В начале семейной жизни с Эммой Бовари «был здоров, чувствовал себя хорошо» (с. 71). Его внешний вид изменяется к худшему только с переездом в Ионвиль — по мере того, как его дела и репутация ухудшаются, да и то большей частью в восприятии влюбленной в Леона Эммы: «Вдруг она отвернулась; пред нею стоял Шарль в шапке, надвинутой на лоб, с отвисшими губами, что придавало лицу его глупое выражение. Даже его спина имела раздражающий вид» (с. 119). Дымов тоже смотрится неважно только на фоне окружения его жены: «...среди этой компании Дымов казался чужим, лишним и маленьким, хотя был высок ростом и широк в плечах. Казалось, что на нем чужой фрак и что у него приказчицкая бородка. Впрочем, если бы он был писателем или художником, то сказали бы, что своей бородкой он напоминает Зола» (с. 8; 8).
Как и Бовари, Дымов познакомился со своей будущей женой во время болезни ее отца. Оба много работают: если Бовари «возвращался домой поздно, часов в десять, иногда в полночь» (с. 49), то Дымов, по словам Коростелева, «работал, как вол, день и ночь <...> должен был искать себе практику и по ночам заниматься переводами...» (с. 8; 30). При этом оба героя проявляют к своим женам чуткость и даже самоотвержение. Так, Бовари, зная, как Эмма «любит кататься в экипаже, купил по случаю старый кабриолет, который, при помощи новых фонарей и новой кожи, стал походить на тильбюри» (с. 39). Ради Эммы он переезжает из Тоста, где дела у него шли хорошо, предлагает сшить ей амазонку и покупает для нее лошадь, чтобы она могла ездить на ней в компании с Родольфом.

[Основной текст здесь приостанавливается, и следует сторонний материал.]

lemma int_module_stable_insert:
  assumes M: "int_module_stable C M" and c: "algebraic_int c"
  obtains M' where "int_module_stable (insert c C) M'"
proof -
  obtain e a where e: "e > 0" and a: "\<And>i. a i \<in> \<int>" and ce: "c ^ e = (\<Sum>i<e. a i * c ^ i)"
    using algebraic_int_power_reduction[OF c] by metis
  define M' where "M' = (\<lambda>(i, m). c ^ i * m) ` ({..<e} \<times> M)"
  have M_props: "finite M" "1 \<in> M" "\<And>c' m. c' \<in> C \<Longrightarrow> m \<in> M \<Longrightarrow> c' * m \<in> int_span M"
    using M by (auto simp: int_module_stable_def)
  have in_M': "c ^ i * m \<in> M'" if "i < e" "m \<in> M" for i m
    using that unfolding M'_def by (auto intro!: image_eqI[of _ _ "(i, m)"])
  have power_mult: "c ^ i * x \<in> int_span M'" if "i < e" "x \<in> int_span M" for i x
    by (rule int_span_mult_closed[OF _ that(2)]) (auto intro: int_span_base in_M' that(1))
  have "c' * (c ^ i * m) \<in> int_span M'" if "c' \<in> insert c C" "i < e" "m \<in> M" for c' i m
  proof (cases "c' \<in> C")
    case True
    then have "c ^ i * (c' * m) \<in> int_span M'" using power_mult M_props that by blast
    then show ?thesis by (simp add: algebra_simps)
  next
    case False
    then have c': "c' = c" using that(1) by simp
    show ?thesis
    proof (cases "Suc i < e")
      case True
      then have "c ^ Suc i * m \<in> M'" using in_M' that(3) by blast
      then show ?thesis using c' by (simp add: int_span_base mult.assoc)
    next
      case False
      then have "Suc i = e" using that(2) by simp
      then have "c' * (c ^ i * m) = c ^ e * m" using c' by (simp flip: power_Suc add: mult.assoc)
      also have "\<dots> = (\<Sum>j<e. a j * (c ^ j * m))"
        unfolding ce by (simp add: sum_distrib_right mult.assoc)
      also have "\<dots> \<in> int_span M'"
        by (intro int_span_sum int_span_Ints_mult a int_span_base in_M' that(3)) simp
      finally show ?thesis .
    qed
  qed
  moreover have "finite M'" "1 \<in> M'"
    using M_props in_M'[OF e, of 1] by (simp_all add: M'_def)
  ultimately have "int_module_stable (insert c C) M'"
    unfolding int_module_stable_def M'_def by auto
  then show ?thesis by (rule that)
qed

lemma int_module_stable_exists:
  assumes "finite C" "\<And>c. c \<in> C \<Longrightarrow> algebraic_int c"
  obtains M where "int_module_stable C M"
  using assms
proof (induction C arbitrary: thesis rule: finite_induct)
  case empty
  show ?case by (rule empty.prems(1)[of "{1}"]) (simp add: int_module_stable_def)
next
  case (insert c C)
  then obtain M where "int_module_stable C M" by blast
  then show ?case using int_module_stable_insert insert.prems by blast
qed

lemma algebraic_intI_int_module_stable:
  assumes "int_module_stable C M" "\<And>m. m \<in> M \<Longrightarrow> \<mu> * m \<in> int_span M"
  shows "algebraic_int \<mu>"
  using assms by (intro algebraic_intI_int_span[of M]) (auto simp: int_module_stable_def)

lemma algebraic_int_add:
  assumes "algebraic_int (x :: complex)" "algebraic_int y"
  shows "algebraic_int (x + y)"
proof -
  obtain M where M: "int_module_stable {x, y} M"
    using int_module_stable_exists[of "{x, y}"] assms by auto
  show ?thesis
    by (rule algebraic_intI_int_module_stable[OF M])
      (use M in \<open>auto simp: int_module_stable_def distrib_right intro: int_span_add\<close>)
qed

lemma algebraic_int_mult:
  assumes "algebraic_int (x :: complex)" "algebraic_int y"
  shows "algebraic_int (x * y)"
proof -
  obtain M where M: "int_module_stable {x, y} M"
    using int_module_stable_exists[of "{x, y}"] assms by auto
  show ?thesis
  proof (rule algebraic_intI_int_module_stable[OF M])
    fix m assume "m \<in> M"
    then have "y * m \<in> int_span M" using M by (simp add: int_module_stable_def)
    then have "x * (y * m) \<in> int_span M" using int_module_stable_int_span[OF M, of x] by simp
    then show "x * y * m \<in> int_span M" by (simp add: mult.assoc)
  qed
qed

lemma algebraic_intI_algebraic_int_eigen:
  fixes w :: "'j \<Rightarrow> complex"
  assumes J: "finite J" and nz: "\<exists>j\<in>J. w j \<noteq> 0"
    and eq: "\<And>j. j \<in> J \<Longrightarrow> \<mu> * w j = (\<Sum>l\<in>J. a j l * w l)"
    and a: "\<And>j l. j \<in> J \<Longrightarrow> l \<in> J \<Longrightarrow> algebraic_int (a j l)"
  shows "algebraic_int \<mu>"
proof -
  define C where "C = (\<lambda>(j, l). a j l) ` (J \<times> J)"
  have "finite C" "\<And>c. c \<in> C \<Longrightarrow> algebraic_int c" using J a by (auto simp: C_def)
  then obtain M where M: "int_module_stable C M" by (rule int_module_stable_exists)
  define W where "W = (\<lambda>(m, l). m * w l) ` (M \<times> J)"
  show ?thesis
  proof (rule algebraic_intI_int_span[of W])
    show "finite W" using M J by (auto simp: W_def int_module_stable_def)
    show "\<exists>u\<in>W. u \<noteq> 0"
      using M nz unfolding W_def int_module_stable_def by (auto intro!: bexI[of _ "(1, _)"])
    show "\<mu> * u \<in> int_span W" if "u \<in> W" for u
    proof -
      obtain m j where mj: "m \<in> M" "j \<in> J" "u = m * w j" using \<open>u \<in> W\<close> by (auto simp: W_def)
      have "\<mu> * u = m * (\<mu> * w j)" using mj(3) by (simp add: algebra_simps)
      also have "\<dots> = (\<Sum>l\<in>J. (a j l * m) * w l)"
        unfolding eq[OF mj(2)] sum_distrib_left by (simp add: algebra_simps)
      also have "\<dots> \<in> int_span W"
      proof (rule int_span_sum)
        fix l assume l: "l \<in> J"
        have "a j l * m \<in> int_span M"
          using M mj l unfolding int_module_stable_def C_def by blast
        then have "a j l * m * w l \<in> int_span ((\<lambda>s. s * w l) ` M)"
          by (rule int_span_mult_right)
        then show "a j l * m * w l \<in> int_span W"
          by (rule int_span_mono[rotated]) (use l in \<open>auto simp: W_def\<close>)
      qed
      finally show ?thesis .
    qed
  qed
qed

section \<open>Two-by-two matrices\<close>

hide_const (open) Matrix.mat Determinant.det Matrix.vec Matrix.row Matrix.col Matrix.transpose_mat

lemma smult2_0 [simp]: "smult2 0 A = 0"
  and smult2_1 [simp]: "smult2 1 A = A"
  by (simp_all add: smult2_def Finite_Cartesian_Product.vec_eq_iff)

lemma smult2_uminus: "smult2 c (- A) = - smult2 c A" "smult2 (- c) A = - smult2 c A"
  by (simp_all add: smult2_def Finite_Cartesian_Product.vec_eq_iff)

lemma tr2_uminus: "tr2 (- A) = - tr2 A"
  by (simp add: tr2_def)

lemma det_uminus_mat2: "det (- (A :: mat2)) = det A"
  by (simp add: det_2)

lemma mat2_one_neq_zero: "(mat 1 :: mat2) \<noteq> 0"
proof
  assume "(mat 1 :: mat2) = 0"
  then have "(mat 1 :: mat2) $ 1 $ 1 = 0" by simp
  then show False by (simp add: Finite_Cartesian_Product.mat_def)
qed

lemma mat2_cayley_hamilton: "(A :: mat2) ** A = smult2 (tr2 A) A - smult2 (det A) (mat 1)"
  by (simp add: Finite_Cartesian_Product.vec_eq_iff Finite_Cartesian_Product.mat_def forall_2
      matrix_matrix_mult_def sum_2 det_2 tr2_def smult2_def algebra_simps)

lemma tr2_mult_self: "tr2 ((A :: mat2) ** A) = (tr2 A)\<^sup>2 - 2 * det A"
  by (simp add: tr2_def det_2 matrix_matrix_mult_def sum_2 power2_eq_square algebra_simps)

lemma det_smult2_mat1: "det (smult2 c (mat 1)) = c\<^sup>2"
  by (simp add: det_2 smult2_def Finite_Cartesian_Product.mat_def power2_eq_square)

lemma det_mat1_add_smult2: "det (mat 1 + smult2 t A) = 1 + t * tr2 A + t\<^sup>2 * det A"
  by (simp add: det_2 tr2_def smult2_def Finite_Cartesian_Product.mat_def power2_eq_square algebra_simps)

lemma tr2_mat1_add_smult2: "tr2 (mat 1 + smult2 t A) = 2 + t * tr2 A"
  by (simp add: tr2_def smult2_def Finite_Cartesian_Product.mat_def algebra_simps)

lemma mat2_mult_vec_scalar: "(A :: mat2) *v (c *s v) = c *s (A *v v)"
  by (simp add: Finite_Cartesian_Product.vec_eq_iff matrix_vector_mult_def vector_scalar_mult_def sum_distrib_left
      algebra_simps)

lemma lin_comb_mult_vec_nth:
  "(lin_comb cs bs *v v) $ p = (\<Sum>l<length bs. cs ! l * ((bs ! l *v v) $ p))"
  unfolding lin_comb_def smult2_def matrix_vector_mult_def
  by (simp add: sum_component sum_distrib_left sum_distrib_right mult.assoc sum.swap[of _ UNIV])

lemma mat2_eigenvector_exists:
  fixes A :: mat2
  assumes "\<mu>\<^sup>2 - tr2 A * \<mu> + det A = 0"
  obtains v :: "complex^2" where "v \<noteq> 0" "A *v v = \<mu> *s v"
proof -
  define a b c e where "a = A$1$1" "b = A$1$2" "c = A$2$1" "e = A$2$2"
  have char: "(a - \<mu>) * (e - \<mu>) = b * c"
    using assms unfolding a_b_c_e_def tr2_def det_2 by (simp add: power2_eq_square algebra_simps)
  have eigen_iff: "A *v v = \<mu> *s v \<longleftrightarrow> a * v$1 + b * v$2 = \<mu> * v$1 \<and> c * v$1 + e * v$2 = \<mu> * v$2"
    for v
    unfolding Finite_Cartesian_Product.vec_eq_iff forall_2 a_b_c_e_def by (simp add: matrix_vector_mult_def sum_2)
  have nonzero: "v$1 \<noteq> 0 \<or> v$2 \<noteq> 0 \<Longrightarrow> v \<noteq> 0" for v :: "complex^2" by auto
  consider "b \<noteq> 0 \<or> \<mu> \<noteq> a"
    | "b = 0" "\<mu> = a" "\<mu> \<noteq> e \<or> c \<noteq> 0"
    | "b = 0" "\<mu> = a" "\<mu> = e" "c = 0"
    by blast
  then show ?thesis
  proof cases
    case 1
    show ?thesis
    proof (rule that)
      show "vector [b, \<mu> - a] \<noteq> (0 :: complex^2)" using 1 by (intro nonzero) simp
      show "A *v vector [b, \<mu> - a] = \<mu> *s vector [b, \<mu> - a]"
        using char by (simp add: eigen_iff algebra_simps)
    qed
  next
    case 2
    show ?thesis
    proof (rule that)
      show "vector [\<mu> - e, c] \<noteq> (0 :: complex^2)" using 2 by (intro nonzero) simp
      show "A *v vector [\<mu> - e, c] = \<mu> *s vector [\<mu> - e, c]"
        unfolding eigen_iff using 2 by (simp add: algebra_simps)
    qed
  next
    case 3
    show ?thesis
    proof (rule that)
      show "vector [1, 0] \<noteq> (0 :: complex^2)" by (intro nonzero) simp
      show "A *v vector [1, 0] = \<mu> *s vector [1, 0]" unfolding eigen_iff using 3 by simp
    qed
  qed
qed

lemma mat2_eigenvalues:
  fixes A :: mat2
  obtains \<mu>1 \<mu>2 v1 v2 where "\<mu>1 * \<mu>2 = det A"
    "v1 \<noteq> 0" "A *v v1 = \<mu>1 *s v1" "v2 \<noteq> 0" "A *v v2 = \<mu>2 *s v2"
proof -
  define s where "s = csqrt ((tr2 A)\<^sup>2 - 4 * det A)"
  have s2: "s\<^sup>2 = (tr2 A)\<^sup>2 - 4 * det A" by (simp add: s_def)
  define \<mu>1 \<mu>2 where "\<mu>1 = (tr2 A + s) / 2" "\<mu>2 = (tr2 A - s) / 2"
  have "\<mu>1 * \<mu>2 = det A - (s\<^sup>2 - ((tr2 A)\<^sup>2 - 4 * det A)) / 4"
    "\<mu>1\<^sup>2 - tr2 A * \<mu>1 + det A = (s\<^sup>2 - ((tr2 A)\<^sup>2 - 4 * det A)) / 4"
    "\<mu>2\<^sup>2 - tr2 A * \<mu>2 + det A = (s\<^sup>2 - ((tr2 A)\<^sup>2 - 4 * det A)) / 4"
    unfolding \<mu>1_\<mu>2_def by (simp_all add: field_simps power2_eq_square)
  then have "\<mu>1 * \<mu>2 = det A" "\<mu>1\<^sup>2 - tr2 A * \<mu>1 + det A = 0" "\<mu>2\<^sup>2 - tr2 A * \<mu>2 + det A = 0"
    unfolding s2 by simp_all
  with mat2_eigenvector_exists show ?thesis using that by metis
qed

section \<open>Orders\<close>

lemma span_over_nth_mem:
  assumes "0 \<in> R" "1 \<in> R" "j < length gs"
  shows "gs ! j \<in> span_over R gs"
proof -
  let ?cs = "map (\<lambda>l. if l = j then 1 else 0) [0..<length gs]"
  have "lin_comb ?cs gs = (\<Sum>l<length gs. if l = j then gs ! l else 0)"
    unfolding lin_comb_def by (intro sum.cong) auto
  also have "\<dots> = gs ! j" using assms(3) by (simp add: sum.delta)
  finally show ?thesis
    using assms(1,2) unfolding span_over_def by (auto intro!: exI[of _ ?cs])
qed

lemma order_mult_right_coeffs:
  assumes ord: "is_order k B Ord" and k: "0 \<in> k" "1 \<in> k"
    and gs: "Ord = span_over (ring_of_integers k) gs" and x: "x \<in> Ord"
  obtains CS where "\<And>j. j < length gs \<Longrightarrow> length (CS j) = length gs \<and>
      set (CS j) \<subseteq> ring_of_integers k \<and> gs ! j ** x = lin_comb (CS j) gs"
proof -
  have "\<forall>j<length gs. \<exists>cs. length cs = length gs \<and> set cs \<subseteq> ring_of_integers k \<and>
      gs ! j ** x = lin_comb cs gs"
  proof (intro allI impI)
    fix j assume "j < length gs"
    then have "gs ! j \<in> Ord"
      using span_over_nth_mem[of "ring_of_integers k"] k gs by (simp add: ring_of_integers_def)
    then have "gs ! j ** x \<in> span_over (ring_of_integers k) gs"
      using ord x gs by (simp add: is_order_def)
    then show "\<exists>cs. length cs = length gs \<and> set cs \<subseteq> ring_of_integers k \<and>
        gs ! j ** x = lin_comb cs gs"
      by (auto simp: span_over_def)
  qed
  with that show ?thesis by metis
qed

Когда после бегства возлюбленного Эмма заболевает, то «в течение сорока трех дней Шарль не оставлял ее ни на минуту; он бросил всех своих больных, не ложился спать, поминутно слушал у нее пульс, прикладывал горчичники и компрессы из холодной воды, посылал Жюстена в Невшатель за льдом...» (с. 253). После выздоровления Эммы, чтобы вернуть ей интерес к жизни, Бовари настаивает на посещении театра в Руане, а затем и на том, чтобы она одна осталась на следующее представление. Наконец, он даже дает ей доверенность на ведение всех своих дел. Дымов также тратит нелегким трудом заработанные деньги преимущественно на удовлетворение желаний Ольги Ивановны и тем самым невольно способствует, хотя и в меньшей степени, ее сближению с Рябовским.

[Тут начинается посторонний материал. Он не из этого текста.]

lemma (in prob_space) prob_cn_norm_sq_le_bounds:
  assumes X: "distributed M lborel X cn_density" and "0 \<le> t"
  shows "t * exp (- t) \<le> prob (X -` {z. (cmod z)\<^sup>2 \<le> t} \<inter> space M)"
    and "prob (X -` {z. (cmod z)\<^sup>2 \<le> t} \<inter> space M) \<le> t"
proof -
  define B where "B = cball (0::complex) (sqrt t)"
  have B_sets: "B \<in> sets lborel" unfolding B_def by simp
  have "cmod z \<le> sqrt t \<longleftrightarrow> (cmod z)\<^sup>2 \<le> t" for z
    using real_sqrt_le_iff[of "(cmod z)\<^sup>2" t] by simp
  then have B_eq: "{z. (cmod z)\<^sup>2 \<le> t} = B"
    unfolding B_def set_eq_iff mem_cball_0 mem_Collect_eq by blast
  have "emeasure M (X -` B \<inter> space M) = emeasure (distr M lborel X) B"
    by (rule emeasure_distr[OF distributed_measurable[OF X] B_sets, symmetric])
  also have "\<dots> = emeasure (density lborel cn_density) B"
    by (simp add: distributed_distr_eq_density[OF X])
  also have "\<dots> = (\<integral>\<^sup>+ z. cn_density z * indicator B z \<partial>lborel)"
    by (rule emeasure_density[OF distributed_borel_measurable[OF X] B_sets])
  finally have prob_eq:
    "ennreal (prob (X -` {z. (cmod z)\<^sup>2 \<le> t} \<inter> space M)) = (\<integral>\<^sup>+ z. cn_density z * indicator B z \<partial>lborel)"
    unfolding B_eq by (simp add: emeasure_eq_measure)
  have area: "emeasure lborel B = ennreal (pi * t)"
    unfolding B_def using \<open>0 \<le> t\<close> by (simp add: emeasure_cball unit_ball_vol_2)
  txt \<open>On \<open>B\<close> the density lies between \<open>exp (- t) / pi\<close> and \<open>1 / pi\<close>.\<close>
  have "ennreal (prob (X -` {z. (cmod z)\<^sup>2 \<le> t} \<inter> space M))
      \<le> (\<integral>\<^sup>+ z. ennreal (1 / pi) * indicator B z \<partial>lborel)"
    unfolding prob_eq by (intro nn_integral_mono)
      (auto simp: cn_density_def indicator_def divide_right_mono intro!: ennreal_leI)
  also have "\<dots> = ennreal (1 / pi) * emeasure lborel B"
    using B_sets by (simp add: nn_integral_cmult_indicator)
  also have "\<dots> = ennreal t"
    using area \<open>0 \<le> t\<close> by (simp add: ennreal_mult''[symmetric])
  finally show "prob (X -` {z. (cmod z)\<^sup>2 \<le> t} \<inter> space M) \<le> t"
    using \<open>0 \<le> t\<close> by (simp add: ennreal_le_iff)
  have "ennreal (t * exp (- t)) = ennreal (exp (- t) / pi) * emeasure lborel B"
    using area \<open>0 \<le> t\<close> by (simp add: ennreal_mult''[symmetric])
  also have "\<dots> = (\<integral>\<^sup>+ z. ennreal (exp (- t) / pi) * indicator B z \<partial>lborel)"
    using B_sets by (simp add: nn_integral_cmult_indicator)
  also have "\<dots> \<le> (\<integral>\<^sup>+ z. cn_density z * indicator B z \<partial>lborel)"
    using B_eq by (intro nn_integral_mono)
      (auto simp: cn_density_def indicator_def intro!: ennreal_leI divide_right_mono)
  also have "\<dots> = ennreal (prob (X -` {z. (cmod z)\<^sup>2 \<le> t} \<inter> space M))"
    by (rule prob_eq[symmetric])
  finally show "t * exp (- t) \<le> prob (X -` {z. (cmod z)\<^sup>2 \<le> t} \<inter> space M)"
    by (simp add: ennreal_le_iff)
qed

definition relay_links :: "nat \<Rightarrow> link set" where
  "relay_links M = {SD} \<union> SR ` {1..M} \<union> RD ` {1..M}"

text \<open>One summand of the union bound for outage: \<open>K\<close> is the set of relays whose source link is the
  weak one.\<close>
definition link_choice :: "nat \<Rightarrow> nat set \<Rightarrow> link set" where
  "link_choice M K = insert SD (SR ` K \<union> RD ` ({1..M} - K))"

lemma link_choice_subset: "K \<subseteq> {1..M} \<Longrightarrow> link_choice M K \<subseteq> relay_links M"
  unfolding link_choice_def relay_links_def by auto

lemma card_link_choice:
  assumes "K \<subseteq> {1..M}"
  shows "card (link_choice M K) = M + 1"
proof -
  have "finite K" using assms finite_subset by blast
  have "card (SR ` K \<union> RD ` ({1..M} - K)) = card K + card ({1..M} - K)"
    using \<open>finite K\<close> by (subst card_Un_disjoint) (auto simp: card_image inj_on_def)
  also have "\<dots> = M"
    using assms \<open>finite K\<close> card_mono[OF _ assms] by (simp add: card_Diff_subset)
  finally show ?thesis
    unfolding link_choice_def using \<open>finite K\<close> by (subst card_insert_disjoint) auto
qed

lemma tendsto_ln_div_ln_of_powr_bounds:
  fixes p :: "real \<Rightarrow> real"
  assumes "0 < c" "0 < C"
    and "\<forall>\<^sub>F x in at_top. c * x powr a \<le> p x \<and> p x \<le> C * x powr a"
  shows "((\<lambda>x. ln (p x) / ln x) \<longlongrightarrow> a) at_top"
proof (rule tendsto_sandwich)
  have bounds: "a + ln c / ln x \<le> ln (p x) / ln x \<and> ln (p x) / ln x \<le> a + ln C / ln x"
    if "1 < x" "c * x powr a \<le> p x" "p x \<le> C * x powr a" for x
  proof -
    have "0 < c * x powr a" using that(1) assms(1) by simp
    then have "0 < p x" using that(2) by linarith
    have "ln (c * x powr a) \<le> ln (p x)" "ln (p x) \<le> ln (C * x powr a)"
      using ln_mono[OF that(2) \<open>0 < c * x powr a\<close>] ln_mono[OF that(3) \<open>0 < p x\<close>] .
    then have "ln c + a * ln x \<le> ln (p x)" "ln (p x) \<le> ln C + a * ln x"
      using that(1) assms(1,2) by (simp_all add: ln_mult ln_powr)
    moreover have "0 < ln x" using that(1) by simp
    ultimately have "(ln c + a * ln x) / ln x \<le> ln (p x) / ln x" "ln (p x) / ln x \<le> (ln C + a * ln x) / ln x"
      by (simp_all add: divide_right_mono)
    moreover have "(k + a * ln x) / ln x = a + k / ln x" for k
      using \<open>0 < ln x\<close> by (simp add: field_simps)
    ultimately show ?thesis by simp
  qed
  show "\<forall>\<^sub>F x in at_top. a + ln c / ln x \<le> ln (p x) / ln x"
    and "\<forall>\<^sub>F x in at_top. ln (p x) / ln x \<le> a + ln C / ln x"
    using eventually_conj[OF eventually_gt_at_top[of 1] assms(3)] by (auto elim!: eventually_mono dest: bounds)
  show "((\<lambda>x. a + ln c / ln x) \<longlongrightarrow> a) at_top" "((\<lambda>x. a + ln C / ln x) \<longlongrightarrow> a) at_top"
    by real_asymp+
qed

locale oaf_channel = prob_space P for P :: "'a measure" +
  fixes M :: nat and asd :: "'a \<Rightarrow> complex" and asr ard :: "nat \<Rightarrow> 'a \<Rightarrow> complex"
  assumes relays_nonempty: "1 \<le> M"
    and indep_links: "indep_vars (\<lambda>_. borel) (link_gain asd asr ard) (relay_links M)"
    and distributed_asd: "distributed P lborel asd cn_density"
    and distributed_asr: "\<forall>i\<in>{1..M}. distributed P lborel (asr i) cn_density"
    and distributed_ard: "\<forall>i\<in>{1..M}. distributed P lborel (ard i) cn_density"
begin

definition gain_le :: "link \<Rightarrow> real \<Rightarrow> 'a set" where
  "gain_le j t = link_gain asd asr ard j -` {z. (cmod z)\<^sup>2 \<le> t} \<inter> space P"

definition outage_event :: "real \<Rightarrow> real \<Rightarrow> 'a set" where
  "outage_event \<rho> r =
     {\<omega> \<in> space P. oaf_mutual_info M \<rho> (asd \<omega>) (\<lambda>i. asr i \<omega>) (\<lambda>i. ard i \<omega>) \<le> r * ln \<rho>}"

lemma distributed_link_gain:
  "j \<in> relay_links M \<Longrightarrow> distributed P lborel (link_gain asd asr ard j) cn_density"
  using distributed_asd distributed_asr distributed_ard
  by (auto simp: relay_links_def link_gain_def)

Бовари не только так до конца ни о чем и не догадывается, но и ставит себя в смешное положение, рассказывая аптекарю Оме о том, как расстроилась Эмма, узнав об отъезде Леона в Париж, а Родольфу даже пишет, что «жена в его распоряжении...» (с. 188). Дымов очень скоро «стал догадываться, что его обманывают» (с. 8; 21), однако и после этого не возражал против посещений Рябовским их дома и даже утешал Ольгу Ивановну в ее несчастной любви: «Не плачь громко, мама... Зачем? Надо молчать об этом...» (с. 8; 23).
Поведение обеих героинь, напротив, все время наводит на мысль об их эгоистичности. Первый раз Эмма изменяет Шарлю как раз в тот день, когда он покупает ей лошадь. Если он то и дело «начинал придумывать», где найти средства на образование дочери (с. 235), то Эмма вспоминает о ней нечасто. Собираясь бежать с Родольфом, она говорит ему, что возьмет дочь с собой, но потом больше «во всех этих приготовлениях никогда не было разговора о ребенке» (с. 234; 238). Страдая от неудовлетворенной любви к Леону, она тяготится дочерью (однажды даже отталкивает ее локтем, так что Берта разбивается до крови) (с. 136).
Эгоизм Эммы особенно очевиден в сопоставлении с любовью Шарля, хотя он и выражает ее с присущей ему простоватостью. Так, например, в период любовных мучений Эммы он приготовлял «жене сюрприз, желая, в знак внимания, поднести ей» свой дагерротипный портрет (с. 138). Эгоизм Ольги Ивановны тоже выступает особенно рельефно на фоне самоотвержения Дымова — например, в III главе, в которой он, чтобы выполнить ее вздорную просьбу, сразу возвращается в город, едва только приехав на дачу, или в V главе, где ему отдает должное сама Ольга Ивановна: «Каждый месяц он высылал ей по 75 рублей, а когда она написала ему, что задолжала художникам 100 рублей, то он прислал ей и эти сто! Какой добрый, великодушный человек!» (с. 8; 18).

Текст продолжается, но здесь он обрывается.